Our application for $20,000 in matching funds for a potential Economic Development Administration (EDA) grant is pending with the Northern California Community Loan Fund (NCCLF).  Hopefully there will be a favorable decision by the end of the month.

Shelly Blair, the California Fish and Wildlife Land Manager for Alpine County gave a presentation on human-wildlife interaction.  Her presentation focused on predators, how to identify them, their behavior, and what to do if confronted with one.  The department no longer moves problem bears from one area to another, but it does release “re-habituated” orphaned bear cubs within a 75 mile radius of where they were originally found.  In our case the orphaned bear cubs are usually found in the Tahoe Basin.  Studies have shown that bears transplanted as much as 500 miles from where they are captured can find their way back.

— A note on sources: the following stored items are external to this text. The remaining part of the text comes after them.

theorem tail_smallo_iterated_convolution:
  fixes \<nu> :: "nat \<Rightarrow> real measure"
  assumes "\<And>j. finite_measure (\<nu> j)" "\<And>j. sets (\<nu> j) = sets borel"
    and "prob_space \<mu>" "sets \<mu> = sets borel"
    and "\<And>j. \<nu> (Suc j) = (\<nu> j \<star> \<mu>)" and "cond_P (\<nu> 0) a"
    and "light_tail_i \<mu> \<or> (\<exists>A \<alpha>. light_tail_ii \<mu> A \<alpha> \<and> a \<le> \<alpha>)"
  shows "tail (\<nu> k) \<in> o[at_top](tail (\<nu> (Suc k)))"
proof -
  have fin: "finite_measure \<mu>" using assms(3) by (simp add: prob_space_def)
  show ?thesis
    using assms(7)
  proof
    assume light: "light_tail_i \<mu>"
    have pos: "tail \<mu> u > 0" for u
      using fin assms(4) light by (rule tail_pos_if_light_tail_i)
    show ?thesis
    proof (induction k)
      case 0
      show ?case
        unfolding assms(5) using assms fin pos
        by (intro tail_smallo_convolution_if_tail_shift_smallo tail_shift_smallo_if_cond_P) auto
    next
      case (Suc k)
      then show ?case
        unfolding assms(5) using assms fin pos light
        by (intro tail_smallo_convolution_step tail_smallo_self_convolution_if_light_tail_i) auto
    qed
  next
    assume "\<exists>A \<alpha>. light_tail_ii \<mu> A \<alpha> \<and> a \<le> \<alpha>"
    then obtain A \<alpha> where bounded: "AE x in \<mu>. x \<le> A" and pos: "tail \<mu> \<alpha> > 0" and "a \<le> \<alpha>"
      by (auto simp: light_tail_ii_def)
    have "(\<lambda>u. tail (\<nu> j) (u + \<alpha>)) \<in> o[at_top](tail (\<nu> j))" for j
    proof (induction j)
      case 0
      show ?case using assms \<open>a \<le> \<alpha>\<close> by (intro tail_shift_smallo_if_cond_P) auto
    next
      case (Suc j)
      then show ?case
        unfolding assms(5) using assms fin bounded by (intro tail_shift_smallo_convolution) auto
    qed
    then show ?thesis
      unfolding assms(5) using assms fin pos by (intro tail_smallo_convolution_if_tail_shift_smallo)
  qed
qed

Participant updates included the following.  The Carson Ranger District reported that the Markleeville Fuels Reduction project has been completed and they will try and organize a tour.  The Sierra Nevada Conservancy (SNC) reported that more funding is probably coming to the Sierra Nevada from California in the form of two initiatives (one definite, the other still has to gather signatures).  The funding can be used on public and private lands.  They also reported that the SNC is going through a strategic planning project and the public is encouraged to participate.  They reported that Chris French, Assistant Deputy Chief Forester for the USFS emphasized in a meeting that it is a priority at the national level to work collaboratively with other agencies, local governments and groups like the ABC.  Danna Stroud announced that she will be leaving the SNC at the end of the month.  We all agreed that we are sad to see her go.  Griffith updated the meeting on funds for forest restoration that are anticipated to be coming available.  CalFire and the California Air Resources Board have reportedly agreed on how to calculate the reduction in greenhouse gases from forest health and fuels reduction projects.  This means that CalFire will have a lot more funding for such projects, but some of the attached conditions may not be acceptable to private land owners.  The SWET conference on biomass utilization will be in Fresno on Nov. 14th through 16th.  The Economic Development Committee will be discussing recreation tourism as an economic development tool at its Nov. 14th meeting.  The Carson Water Subconservancy District is requesting nominations for its Andy Alfax award and suggestions were requested.  Suggestions have also been requested from the Alpine Watershed Group.  The BLM reported that the Department of the Interior is working on accelerating the NEPA process.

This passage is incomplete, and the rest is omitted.